Action item => An exact copy of all the data is the expected answer.

Data records =>
lemma push_word_wstep:
  assumes "tensor_ok (q, z, b)" "wstep X (rho B z) p p'"
  shows "tensor_eq (push_word (q, z, b) p) (push_word (q, z, b) p')"
proof -
  obtain a l r w t where rel: "grel X l r" and p: "p = a @ l @ w" "p' = a @ r @ w"
    and ok_p: "ok X (rho B z) (a @ l @ w) t"
    using assms(2) unfolding wstep_def by blast
  then obtain m m' where ok: "ok X (rho B z) a m" "ok X m l m'" "ok X m' w t"
    using ok_append[OF graph_X] by auto
  obtain q1 z1 b1 where p1: "push_word (q, z, b) a = (q1, z1, b1)" by (metis prod_cases3)
  have t1: "tensor_ok (q1, z1, b1)" "rho B z1 = m" using push_word_ok[OF assms(1) ok(1) p1] by auto
  obtain q2 z2 b2 where p2: "push_word (q1, z1, b1) l = (q2, z2, b2)" by (metis prod_cases3)
  obtain q3 z3 b3 where p3: "push_word (q1, z1, b1) r = (q3, z3, b3)" by (metis prod_cases3)
  have "tensor_ok (q2, z2, b2)" "rho B z2 = m'"
    using push_word_ok[OF t1(1) _ p2] ok(2) t1(2) by auto
  have eq: "tensor_eq (q2, z2, b2) (q3, z3, b3)"
    using push_word_grel[OF t1(1) rel] ok(2) t1(2) p2 p3 by simp
  then have "z3 = z2" by (simp add: tensor_eq_iff)
  with eq have "tensor_eq (push_word (q2, z2, b2) w) (push_word (q3, z3, b3) w)"
    using push_word_tensor_eq ok(3) \<open>rho B z2 = m'\<close> by simp
  then show ?thesis using p p1 p2 p3 by (simp add: push_word_append)
qed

Response =>
lemma push_word_wstep:
  assumes "tensor_ok (q, z, b)" "wstep X (rho B z) p p'"
  shows "tensor_eq (push_word (q, z, b) p) (push_word (q, z, b) p')"
proof -
  obtain a l r w t where rel: "grel X l r" and p: "p = a @ l @ w" "p' = a @ r @ w"
    and ok_p: "ok X (rho B z) (a @ l @ w) t"
    using assms(2) unfolding wstep_def by blast
  then obtain m m' where ok: "ok X (rho B z) a m" "ok X m l m'" "ok X m' w t"
    using ok_append[OF graph_X] by auto
  obtain q1 z1 b1 where p1: "push_word (q, z, b) a = (q1, z1, b1)" by (metis prod_cases3)
  have t1: "tensor_ok (q1, z1, b1)" "rho B z1 = m" using push_word_ok[OF assms(1) ok(1) p1] by auto
  obtain q2 z2 b2 where p2: "push_word (q1, z1, b1) l = (q2, z2, b2)" by (metis prod_cases3)
  obtain q3 z3 b3 where p3: "push_word (q1, z1, b1) r = (q3, z3, b3)" by (metis prod_cases3)
  have "tensor_ok (q2, z2, b2)" "rho B z2 = m'"
    using push_word_ok[OF t1(1) _ p2] ok(2) t1(2) by auto
  have eq: "tensor_eq (q2, z2, b2) (q3, z3, b3)"
    using push_word_grel[OF t1(1) rel] ok(2) t1(2) p2 p3 by simp
  then have "z3 = z2" by (simp add: tensor_eq_iff)
  with eq have "tensor_eq (push_word (q2, z2, b2) w) (push_word (q3, z3, b3) w)"
    using push_word_tensor_eq ok(3) \<open>rho B z2 = m'\<close> by simp
  then show ?thesis using p p1 p2 p3 by (simp add: push_word_append)
qed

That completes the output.